We are bombarded with admonitions to care and care some more and indeed those words have their merit. Caring is an essential component of civilization.


If we are to be effective, however, we have to be willing to use indifference as a shield. If indifference is not employed, we'll be overwhelmed by our feelings and manipulated by scoundrels.


It has been noted many times that the side that cares the least controls. A military that cannot take casualties and keep moving toward its goal is at a disadvantage to barbaric groups that can. The executive or manager who invests too much caring in a project is at the emotional mercy of those who would damage or destroy that project without even a blink. The person who feels compelled to stay at a negotiation table is weaker than the person who is willing to walk away.

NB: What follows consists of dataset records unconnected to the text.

lemma (in prob_space) integrable_exp_mult_bounded:
  fixes Y :: "'a \<Rightarrow> real"
  assumes "Y \<in> borel_measurable M" "\<And>w. w \<in> space M \<Longrightarrow> 0 \<le> Y w \<and> Y w \<le> c"
  shows "integrable M (\<lambda>w. exp (t * Y w))"
proof (rule integrable_bounded)
  fix w assume "w \<in> space M"
  then have Y: "0 \<le> Y w" "Y w \<le> c" using assms(2) by auto
  have "t * Y w \<le> \<bar>t\<bar> * Y w" using Y by (intro mult_right_mono) auto
  also have "\<dots> \<le> \<bar>t\<bar> * c" using Y by (intro mult_left_mono) auto
  finally show "\<bar>exp (t * Y w)\<bar> \<le> exp (\<bar>t\<bar> * c)" by simp
qed (use assms(1) in simp)

lemma (in prob_space) expectation_exp_le_bounded:
  fixes Y :: "'a \<Rightarrow> real"
  assumes Y: "Y \<in> borel_measurable M" "\<And>w. w \<in> space M \<Longrightarrow> 0 \<le> Y w \<and> Y w \<le> c" and "0 < c"
  shows "expectation (\<lambda>w. exp (t * Y w)) \<le> exp (expectation Y / c * (exp (t * c) - 1))"
proof -
  have int: "integrable M Y" using Y by (intro integrable_bounded[where B = c]) auto
  have "expectation (\<lambda>w. exp (t * Y w)) \<le> expectation (\<lambda>w. 1 + Y w / c * (exp (t * c) - 1))"
    using Y \<open>0 < c\<close> int by (intro integral_mono integrable_exp_mult_bounded exp_le_chord) auto
  also have "\<dots> = 1 + expectation Y / c * (exp (t * c) - 1)"
    using int by (simp add: prob_space)
  also have "\<dots> \<le> exp (expectation Y / c * (exp (t * c) - 1))"
    by (rule exp_ge_add_one_self)
  finally show ?thesis .
qed

lemma (in prob_space) Chernoff_ge_expectation:
  fixes Z :: "'a \<Rightarrow> real"
  assumes "0 < t" "integrable M (\<lambda>w. exp (t * Z w))"
  shows "prob {w \<in> space M. a \<le> Z w} \<le> exp (- t * a) * expectation (\<lambda>w. exp (t * Z w))"
  using Chernoff_ineq_ge[where f = Z and a = a, OF assms(1) _ sets.top]
    integrable_mult_indicator[OF sets.top assms(2)] set_integral_space[OF assms(2)]
  unfolding set_integrable_def by simp
(* Let $f:\mathcal C_n\to\mathbb R$ with $\mathrm{Lip}(f)=L$, and let $h:\mathbb R\to\mathbb R$ be twice differentiable with $|h''(x)|<B$ for all $x$. Then: (1) for every $y\in\mathcal C_n$, $$\|\nabla(h\circ f)(y)-h'(f(y))\nabla f(y)\|_1\le BL^2n\quad\text{and}\quad\|\nabla(h\circ f)(y)-h'(f(y))\nabla f(y)\|_2\le BL^2\sqrt n;$$ (2) for every $x\in[-1,1]^n$, $$\|\nabla(h\circ f)(x)-h'(f(x))\nabla f(x)\|_1\le2BL^2n^{3/2},$$ where $f(x)$, $\nabla f(x)$ and $\nabla(h\circ f)(x)$ denote the harmonic extensions.
   Context: Notation. $\mathcal C_n=\{-1,1\}^n$. Discrete calculus. $\partial_ig(y)=\tfrac12\big(g(y^{i\to1})-g(y^{i\to-1})\big)$, where $y^{i\to\pm1}$ is $y$ with its $i$-th coordinate set to $\pm1$. $\nabla g=(\partial_1g,\dots,\partial_ng)$ and $\mathrm{Lip}(g)=\max_{i,y}|\partial_ig(y)|$. Harmonic extension. Any $g:\mathcal C_n\to\mathbb R$, including each $\partial_ig$, is extended to $[-1,1]^n$ by its unique multilinear polynomial $\sum_{S}\hat g(S)\prod_{i\in S}x_i$. *)

theory Defs
  imports "HOL-Analysis.Analysis"
begin

definition cube :: "(real ^ 'n) set" where
  "cube = {y. \<forall>i. y $ i = 1 \<or> y $ i = -1}"

definition setc :: "real ^ 'n \<Rightarrow> 'n \<Rightarrow> real \<Rightarrow> real ^ 'n" where
  "setc y i b = (\<chi> j. if j = i then b else y $ j)"

definition dpart :: "'n \<Rightarrow> (real ^ 'n \<Rightarrow> real) \<Rightarrow> real ^ 'n \<Rightarrow> real" where
  "dpart i g y = (g (setc y i 1) - g (setc y i (-1))) / 2"

definition Lip :: "(real ^ ('n::finite) \<Rightarrow> real) \<Rightarrow> real" where
  "Lip g = Max {\<bar>dpart i g y\<bar> | i y. y \<in> cube}"

definition fcoef :: "(real ^ ('n::finite) \<Rightarrow> real) \<Rightarrow> 'n set \<Rightarrow> real" where
  "fcoef g S = (\<Sum>y\<in>cube. g y * (\<Prod>i\<in>S. y $ i)) / 2 ^ CARD('n)"

definition hext :: "(real ^ ('n::finite) \<Rightarrow> real) \<Rightarrow> real ^ 'n \<Rightarrow> real" where
  "hext g x = (\<Sum>S\<in>Pow (UNIV::'n set). fcoef g S * (\<Prod>i\<in>S. x $ i))"

end

theory Submission
  imports Defs
begin

text \<open>
  At a vertex, the discrete derivative of \<open>h \<circ> f\<close> in direction \<open>i\<close> is a difference
  quotient of \<open>h\<close> over a step of length \<open>2 \<bar>\<partial>\<^sub>if\<bar> \<le> 2L\<close> starting at \<open>f(y)\<close>; Taylor's theorem
  bounds its deviation from \<open>h'(f y) \<partial>\<^sub>if(y)\<close> by \<open>BL\<^sup>2\<close>, which gives (1).

  For (2), the harmonic extension at \<open>x \<in> [-1,1]\<^sup>n\<close> is the expectation under the product
  measure on the cube with mean \<open>x\<close>. Hence, with \<open>c = f(x)\<close>, the error in direction \<open>i\<close>
  is the expectation of \<open>\<partial>\<^sub>i(h\<circ>f) - h'(c)\<partial>\<^sub>if\<close>, which is pointwise at most
  \<open>BL\<^sup>2 + BL\<bar>f - c\<bar>\<close>. The Efron--Stein inequality for this product measure gives
  \<open>E (f - c)\<^sup>2 \<le> nL\<^sup>2\<close>, so \<open>E \<bar>f - c\<bar> \<le> \<surd>n L\<close>, and summing over \<open>i\<close> gives
  \<open>n BL\<^sup>2 + n\<^sup>3\<^sup>/\<^sup>2 BL\<^sup>2\<close>.
\<close>

definition coord_weight :: "real^'n \<Rightarrow> 'n \<Rightarrow> real \<Rightarrow> real" where
  "coord_weight x i t = (1 + x$i * t) / 2"

definition override_coords :: "real^'n \<Rightarrow> ('n \<Rightarrow> real) \<Rightarrow> 'n set \<Rightarrow> real^'n" where
  "override_coords y s K = (\<chi> j. if j \<in> K then s j else y$j)"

Criminals, bullies, and jerks often rely on other people playing by the rules of caring. We don't want to be rude. We want to assume that the other side is reasonable. We hope that everyone will desire the virtue of decent treatment. And when those thoughts come up against a predator, they can make us far more vulnerable than need be.


Gavin de Becker, the security consultant who has written on the benefits of fear, has a marvelous line: "'No' is a complete sentence." No further explanation is required. No justification needs to be offered. Just "No."


He's noting that there are times when you simply state your position and walk on because the other side is all too willing to use politeness and manners - your caring nature - as weapons against you.